How to read CSV string using?

The trivial CSV line can be used using the line split function. But some lines may have, " for example.

 "good,morning", 100, 300, "1998,5,3" 

therefore, direct use of line splitting will not solve the problem.

My solution is to first split the line with,, and then concatenate the lines with " at the beginning or end of the line.

What is the best practice for this problem?

I am wondering if there is a Python or F # code snippet for this.

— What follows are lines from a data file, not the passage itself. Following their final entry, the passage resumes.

lemma set_take_strict_sorted:
  fixes key :: "'a \<Rightarrow> 'b::linorder"
  assumes "sorted_wrt (<) (map key xs)" "q < length xs"
  shows "set (take q xs) = {y \<in> set xs. key y < key (xs ! q)}"
proof -
  have less: "key (xs ! i) < key (xs ! j) \<longleftrightarrow> i < j" if "i < length xs" "j < length xs" for i j
    using assms(1) that sorted_wrt_nth_less[OF assms(1), of j i]
      sorted_wrt_nth_less[OF assms(1), of i j]
    by (cases i j rule: linorder_cases) auto
  show ?thesis
  proof (intro equalityI subsetI)
    fix y assume "y \<in> set (take q xs)"
    then obtain i where "i < q" "y = xs ! i"
      using assms(2) by (auto simp: in_set_conv_nth)
    then show "y \<in> {y \<in> set xs. key y < key (xs ! q)}"
      using less assms(2) by auto
  next
    fix y assume "y \<in> {y \<in> set xs. key y < key (xs ! q)}"
    then obtain i where "i < length xs" "y = xs ! i" "key y < key (xs ! q)"
      by (auto simp: in_set_conv_nth)
    then show "y \<in> set (take q xs)"
      using less assms(2) by (auto simp: in_set_conv_nth intro!: exI[of _ i])
  qed
qed

lemma strict_sorted_sort_key:
  assumes "distinct xs" "inj_on key (set xs)"
  shows "sorted_wrt (<) (map key (sort_key key xs))"
  using assms sorted_sort_key[of key xs] by (simp add: strict_sorted_iff distinct_map)

lemma card_less_strict_sorted:
  fixes key :: "'a \<Rightarrow> 'b::linorder"
  assumes "sorted_wrt (<) (map key xs)" "q < length xs" "distinct xs"
  shows "card {y \<in> set xs. key y < key (xs ! q)} = q"
  using set_take_strict_sorted[OF assms(1,2)] assms(2,3) distinct_card[of "take q xs"] by simp

section \<open>Up steps of Dyck paths\<close>

definition up_positions :: "step list \<Rightarrow> nat list" where
  "up_positions D = filter (\<lambda>k. D ! k = Up) [0..<length D]"

lemma sorted_up_positions: "sorted_wrt (<) (up_positions D)"
  unfolding up_positions_def by (rule sorted_wrt_filter) (rule sorted_wrt_upt)

lemma distinct_up_positions: "distinct (up_positions D)"
  unfolding up_positions_def by simp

EDIT: I'm more interested in the implementation detail, rather than using the library.

+5
python csv
source share
4 answers

There is a csv module in Python that handles this.

Change This task belongs to the "build lexer" category. The standard way to accomplish such tasks is to create a state machine (or use the lexer library / framework that will do this for you.)

The state machine for this task is likely to need only two states:

  • The source, where it reads each character, except for a comma and a new line, as part of a field (exception: start and end spaces), a comma as a field separator, a new line as a record separator. When he meets the initial quote, it goes into
  • read-quoted-field state, where each character (including a comma and a new line), excluding a quote, is considered as part of the field, a quote not accompanied by a quote means the end of the read-quote field (back to the initial state), a quote accompanied by a quote, treated as a single quote (escaped quote).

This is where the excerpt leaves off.